Jakarta (ANTARA News) - Partai Keadilan Sejahtera (PKS) menilai gerakan Islam di Indonesia sangat berbeda dari yang terjadi di Timur Tengah, khususnya Mesir, di mana negara menjadikan gerakan tersebut sebagai musuh.
"Di Indonesia yang terjadi adalah harmoni, gotong royong, karena yang menjadi dasar adalah budaya. Bukan siapa yang menang dan siapa yang kalah," kata Presiden PKS Anis Matta dalam keterangan tertulisnya, Minggu, menyusul diskusi dengan aktivis Himpunan Mahasiswa Islam (HMI) cabang Surabaya, hari ini.
Anis menjelaskan masyarakat Indonesia yang majemuk dan wilayahnya yang sangat luas menyadarkan bangsa ini betapa banyak perbedaan antarmereka. Oleh karena itu menurut dia, masyarakat Indonesia mencoba mencari titik temu dari kemajemukan tersebut.
"Karena itu apa pun ideologinya dan apa pun perbedaannya, mereka mencoba mencari persamaannya dan kemudian menggabungkannya. Ini namanya harmoni, gotong royong," tegasnya.
Hal itu berbeda dari masyarakat Timur Tengah yang homogen, yakni suku Arab yang biasa hidup nomaden. Dia menjelaskan masyarakat Timur Tengah biasa menyelesaikan persoalan dengan berperang sehingg muncul istilah siapa menang dan siapa kalah.
"Ini merupakan cara berpikir kelompok Islamis, sekuler maupun militer di Mesir.

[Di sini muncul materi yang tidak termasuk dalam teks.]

(* Let $q\in\mathbb R$ and let $\mu$ be a compactly supported Borel probability measure on $\mathbb R^n$ satisfying the doubling condition. Then for every $E\subseteq\operatorname{supp}\mu$, $\mathsf B^q_\mu(E)=\operatorname{Dim}^q_\mu(E)$.
   Context: $B(x,r)$ is the closed ball. $\mu$ satisfies the doubling condition if $\limsup_{r\searrow0}\sup_{x\in\operatorname{supp}\mu}\mu(B(x,2r))/\mu(B(x,r))<\infty$. Hewitt–Stromberg side: a centred packing of $E$ by $r$-balls is a family $(B(x_i,r))_i$ of pairwise disjoint closed balls with $x_i\in E$; $M^q_{\mu,r}(E)=\sup\sum_i\mu(B(x_i,r))^q$ over such packings; $\mathsf C^{q,t}_\mu(E)=\limsup_{r\to0}M^q_{\mu,r}(E)(2r)^t$; $\mathsf P^{q,t}_\mu(E)=\inf\{\sum_i\mathsf C^{q,t}_\mu(E_i):E\subseteq\bigcup_iE_i,\ E_i\text{ bounded}\}$; $\mathsf B^q_\mu(E)$ is the unique $t$ with $\mathsf P^{q,s}_\mu(E)=\infty$ for $s<t$ and $=0$ for $s>t$. Olsen's multifractal packing side: a centred $\delta$-packing of $E$ is a family $(B(x_i,r_i))_i$ of pairwise disjoint closed balls with $x_i\in E$ and $r_i\le\delta$; $\overline{\mathcal P}^{q,t}_\mu(E)=\inf_{\delta>0}\sup\sum_i\mu(B(x_i,r_i))^q(2r_i)^t$ (sup over centred $\delta$-packings of $E$); $\mathcal P^{q,t}_\mu(E)=\inf\{\sum_i\overline{\mathcal P}^{q,t}_\mu(E_i):E\subseteq\bigcup_iE_i\}$; $\operatorname{Dim}^q_\mu(E)=\inf\{t:\mathcal P^{q,t}_\mu(E)=0\}=\sup\{t:\mathcal P^{q,t}_\mu(E)=\infty\}$. *)

theory Defs
  imports "HOL-Analysis.Analysis" "HOL-Probability.Probability_Measure"
begin

definition msupp :: "'a::metric_space measure \<Rightarrow> 'a set" where
  "msupp M = {x. \<forall>e>0. 0 < measure M (ball x e)}"

definition doubling :: "'a::metric_space measure \<Rightarrow> bool" where
  "doubling M \<longleftrightarrow>
     Limsup (at_right (0::real))
       (\<lambda>r. SUP x\<in>msupp M. ereal (measure M (cball x (2*r)) / measure M (cball x r))) < \<infinity>"

definition centred_r_packings :: "'a::metric_space set \<Rightarrow> real \<Rightarrow> 'a set set" where
  "centred_r_packings E r =
     {S. S \<subseteq> E \<and> (\<forall>x\<in>S. \<forall>y\<in>S. x \<noteq> y \<longrightarrow> cball x r \<inter> cball y r = {})}"

definition HS_M :: "'a::metric_space measure \<Rightarrow> real \<Rightarrow> real \<Rightarrow> 'a set \<Rightarrow> ennreal" where
  "HS_M M q r E = (SUP S\<in>centred_r_packings E r.
       (\<Sum>\<^sub>\<infinity>x\<in>S. ennreal (measure M (cball x r) powr q)))"

definition HS_C :: "'a::metric_space measure \<Rightarrow> real \<Rightarrow> real \<Rightarrow> 'a set \<Rightarrow> ennreal" where
  "HS_C M q t E = Limsup (at_right (0::real)) (\<lambda>r. HS_M M q r E * ennreal ((2*r) powr t))"

definition HS_P :: "'a::metric_space measure \<Rightarrow> real \<Rightarrow> real \<Rightarrow> 'a set \<Rightarrow> ennreal" where
  "HS_P M q t E = (INF F\<in>{F::nat \<Rightarrow> 'a set. E \<subseteq> (\<Union>i. F i) \<and> (\<forall>i. bounded (F i))}.
       (\<Sum>i. HS_C M q t (F i)))"

definition HS_dim :: "'a::metric_space measure \<Rightarrow> real \<Rightarrow> 'a set \<Rightarrow> ereal" where
  "HS_dim M q E = (THE t::ereal. \<forall>s::real.
       (ereal s < t \<longrightarrow> HS_P M q s E = \<infinity>) \<and> (t < ereal s \<longrightarrow> HS_P M q s E = 0))"

definition centred_delta_packings :: "'a::metric_space set \<Rightarrow> real \<Rightarrow> ('a set \<times> ('a \<Rightarrow> real)) set" where
  "centred_delta_packings E \<delta> =
     {(S, r). S \<subseteq> E \<and> (\<forall>x\<in>S. 0 < r x \<and> r x \<le> \<delta>) \<and>
        (\<forall>x\<in>S. \<forall>y\<in>S. x \<noteq> y \<longrightarrow> cball x (r x) \<inter> cball y (r y) = {})}"

definition Olsen_Pbar :: "'a::metric_space measure \<Rightarrow> real \<Rightarrow> real \<Rightarrow> 'a set \<Rightarrow> ennreal" where
  "Olsen_Pbar M q t E = (INF \<delta>\<in>{0<..}. SUP (S, r)\<in>centred_delta_packings E \<delta>.
       (\<Sum>\<^sub>\<infinity>x\<in>S. ennreal (measure M (cball x (r x)) powr q * (2 * r x) powr t)))"

definition Olsen_P :: "'a::metric_space measure \<Rightarrow> real \<Rightarrow> real \<Rightarrow> 'a set \<Rightarrow> ennreal" where
  "Olsen_P M q t E = (INF F\<in>{F::nat \<Rightarrow> 'a set. E \<subseteq> (\<Union>i. F i)}. (\<Sum>i. Olsen_Pbar M q t (F i)))"

definition Olsen_Dim :: "'a::metric_space measure \<Rightarrow> real \<Rightarrow> 'a set \<Rightarrow> ereal" where
  "Olsen_Dim M q E = (INF t\<in>{t::real. Olsen_P M q t E = 0}. ereal t)"

end

theory Submission
  imports Defs
begin

text \<open>
  A centred packing by balls of one common radius is in particular a centred \<open>\<delta>\<close>-packing, so the
  Hewitt--Stromberg premeasure is dominated by Olsen's and \<open>B\<^sup>q\<^sub>\<mu>(E) \<le> Dim\<^sup>q\<^sub>\<mu>(E)\<close>.
  Conversely, sort the balls of a centred \<open>\<delta>\<close>-packing into dyadic levels, those of level \<open>k\<close>
  having radius in \<open>(\<delta>/2\<^sup>k\<^sup>+\<^sup>1, \<delta>/2\<^sup>k]\<close>. Shrunk to radius \<open>\<delta>/2\<^sup>k\<^sup>+\<^sup>1\<close> they form a centred packing of
  common radius, and by the doubling condition the shrinking changes each term
  \<open>\<mu>(B(x,r))\<^sup>q (2r)\<^sup>t\<close> by at most a constant factor. So if \<open>C\<^sup>q\<^sup>,\<^sup>t\<^sub>\<mu>(F) < \<infinity>\<close>, each level contributes a
  bounded amount, and the extra factor \<open>(2r)\<^sup>\<epsilon>\<close> makes the levels a geometric series of size
  \<open>O(\<delta>\<^sup>\<epsilon>)\<close>. Hence \<open>P\<^sup>q\<^sup>,\<^sup>t\<^sup>+\<^sup>\<epsilon>\<^sub>\<mu>(F) = 0\<close> and \<open>Dim\<^sup>q\<^sub>\<mu>(E) \<le> B\<^sup>q\<^sub>\<mu>(E)\<close>.
\<close>

section \<open>Critical exponents as infima\<close>

lemma INF_zero_set_is_threshold:
  fixes P :: "real \<Rightarrow> ennreal"
  assumes zero_above_finite: "\<And>s s'. P s < top \<Longrightarrow> s < s' \<Longrightarrow> P s' = 0"
  defines "t \<equiv> INF s\<in>{s. P s = 0}. ereal s"
  shows "(ereal s < t \<longrightarrow> P s = \<infinity>) \<and> (t < ereal s \<longrightarrow> P s = 0)"
proof (intro conjI impI)
  assume s: "ereal s < t"
  show "P s = \<infinity>"
  proof (rule ccontr)
    assume "P s \<noteq> \<infinity>"
    obtain z where z: "ereal s < ereal z" "ereal z < t" using ereal_dense2[OF s] by blast
    have "P z = 0" using zero_above_finite \<open>P s \<noteq> \<infinity>\<close> z(1) by (simp add: top.not_eq_extremum)
    hence "t \<le> ereal z" unfolding t_def by (intro INF_lower2[of z]) auto
    with z show False by simp
  qed
next
  assume "t < ereal s"
  then obtain s0 where "P s0 = 0" "s0 < s" unfolding t_def by (auto simp: INF_less_iff)
  thus "P s = 0" using zero_above_finite[of s0 s] by simp
qed

lemma threshold_unique:
  fixes P :: "real \<Rightarrow> ennreal"
  assumes "\<forall>s. (ereal s < t \<longrightarrow> P s = \<infinity>) \<and> (t < ereal s \<longrightarrow> P s = 0)"
    and "\<forall>s. (ereal s < t' \<longrightarrow> P s = \<infinity>) \<and> (t' < ereal s \<longrightarrow> P s = 0)"
  shows "t = t'"
proof (rule ccontr)
  assume "t \<noteq> t'"
  hence "t < t' \<or> t' < t" by auto
  then obtain z where "t < ereal z \<and> ereal z < t' \<or> t' < ereal z \<and> ereal z < t"
    using ereal_dense2 by metis
  with assms show False by fastforce
qed

lemma threshold_eq_INF_zero_set:
  fixes P :: "real \<Rightarrow> ennreal"
  assumes "\<And>s s'. P s < top \<Longrightarrow> s < s' \<Longrightarrow> P s' = 0"
  shows "(THE t. \<forall>s. (ereal s < t \<longrightarrow> P s = \<infinity>) \<and> (t < ereal s \<longrightarrow> P s = 0))
           = (INF s\<in>{s. P s = 0}. ereal s)"
proof (rule the_equality)
  show threshold: "\<forall>s. (ereal s < (INF s\<in>{s. P s = 0}. ereal s) \<longrightarrow> P s = \<infinity>) \<and>
            ((INF s\<in>{s. P s = 0}. ereal s) < ereal s \<longrightarrow> P s = 0)"
    by (intro allI INF_zero_set_is_threshold assms)
  show "t = (INF s\<in>{s. P s = 0}. ereal s)"
    if "\<forall>s. (ereal s < t \<longrightarrow> P s = \<infinity>) \<and> (t < ereal s \<longrightarrow> P s = 0)" for t
    using that threshold by (rule threshold_unique)
qed

lemma tendsto_ennreal_mult_powr_at_right_0:
  fixes A \<epsilon> :: real
  assumes "0 < \<epsilon>"
  shows "((\<lambda>r. ennreal (A * (2*r) powr \<epsilon>)) \<longlongrightarrow> 0) (at_right 0)"
proof -
  have "((\<lambda>r. 2*r) \<longlongrightarrow> 0) (at_right (0::real))"
    by (intro tendsto_eq_intros) (auto intro: tendsto_ident_at)
  hence "((\<lambda>r. (2*r) powr \<epsilon>) \<longlongrightarrow> 0) (at_right (0::real))"
    using assms by (intro tendsto_zero_powrI) (auto simp: eventually_at_right_field)
  hence "((\<lambda>r. ennreal (A * (2*r) powr \<epsilon>)) \<longlongrightarrow> ennreal (A * 0)) (at_right 0)"
    by (intro tendsto_ennrealI tendsto_mult_left)
  thus ?thesis by simp
qed

lemma powr_le_powr_of_comparable:
  fixes a y c t :: real
  assumes "0 < a" "a \<le> y" "y \<le> c * a" "1 \<le> c"
  shows "y powr t \<le> c powr \<bar>t\<bar> * a powr t"
proof (cases "t \<ge> 0")
  case True
  have "y powr t \<le> (c * a) powr t" using assms True by (intro powr_mono2) auto
  also have "\<dots> = c powr \<bar>t\<bar> * a powr t" using assms True by (simp add: powr_mult)
  finally show ?thesis .
next
  case False
  have "y powr t \<le> a powr t" using assms False by (intro powr_mono2') auto
  also have "\<dots> \<le> c powr \<bar>t\<bar> * a powr t"
    using assms ge_one_powr_ge_zero[of c "\<bar>t\<bar>"] by (simp add: mult_le_cancel_right1)
  finally show ?thesis .
qed

definition dyadic_level :: "real \<Rightarrow> real \<Rightarrow> nat" where
  "dyadic_level \<delta> r = nat \<lfloor>log 2 (\<delta> / r)\<rfloor>"

lemma dyadic_level_bounds:
  fixes r \<delta> :: real
  assumes "0 < r" "r \<le> \<delta>"
  shows "\<delta> / 2 ^ Suc (dyadic_level \<delta> r) < r" "r \<le> \<delta> / 2 ^ dyadic_level \<delta> r"
proof -
  define L where "L = log 2 (\<delta> / r)"
  define k where "k = dyadic_level \<delta> r"
  have ge1: "\<delta> / r \<ge> 1" using assms by simp
  hence "0 \<le> L" unfolding L_def by simp
  hence "real k = of_int \<lfloor>L\<rfloor>" unfolding k_def L_def dyadic_level_def by simp
  hence k: "real k \<le> L" "L < real k + 1" by linarith+
  have L: "2 powr L = \<delta> / r" unfolding L_def using ge1 by simp
  have "2 powr real k \<le> 2 powr L" using k by (intro powr_mono) auto
  hence "2 ^ k \<le> \<delta> / r" by (simp only: L powr_realpow)
  moreover have "2 powr L < 2 powr (real k + 1)" using k by (intro powr_less_mono) auto
  hence "\<delta> / r < 2 powr real (Suc k)" by (simp only: L of_nat_Suc add.commute)
  hence "\<delta> / r < 2 ^ Suc k" by (simp only: powr_realpow zero_less_numeral)
  ultimately show "\<delta> / 2 ^ Suc (dyadic_level \<delta> r) < r" "r \<le> \<delta> / 2 ^ dyadic_level \<delta> r"
    using assms unfolding k_def by (simp_all add: field_simps del: power_Suc)
qed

Karenanya kemudian yang terjadi adalah benturan," ujarnya.
Kelompok-kelompok sekuler yang kalah dalam pemilu di Mesir, menurut Anis tidak sabar menunggu pemilu berikutnya dan menggoda militer hingga kemudian terjadi kudeta yang diramalnya tidak akan berhasil, bukan karena kelompok Ikhwanul Muslimin akan terus melakukan perlawanan, tetapi karena ketidakstabilan politik membuat ekonomi rakyat tambah sulit.
Dalam konteks Indonesia, dinamikanya berbeda, baik kelompok sekuler, Islam maupun militer karena basis budayanya adalah gotong royong. Ketiga kelompok ini mencoba mengurangi perbedaan dan mencoba menggabung-gabungkannya.
Dia menilai saat ini sangat sulit membedakan partai Islam dari nasionalis atau kiri dan kanan, karena yang ada adalah bergerak ke tengah.
"Partai-partai nasionalis menjadi relijius dan partai agama menjadi lebih terbuka," katanya.
Oleh karena itu, Anis meyakini tidak akan pernah terjadi benturan keras ideologi di Indonesia, seperti terjadi di Mesir sekarang.
"Militer di Indonesia tidak pernah ada tradisi kudeta. Kalau mereka mau masuk ke dalam kekuasaan, mereka pensiun dan membentuk partai politik. Syarat-syarat dan tahapan demokrasi semua mereka ikuti," ujarnya.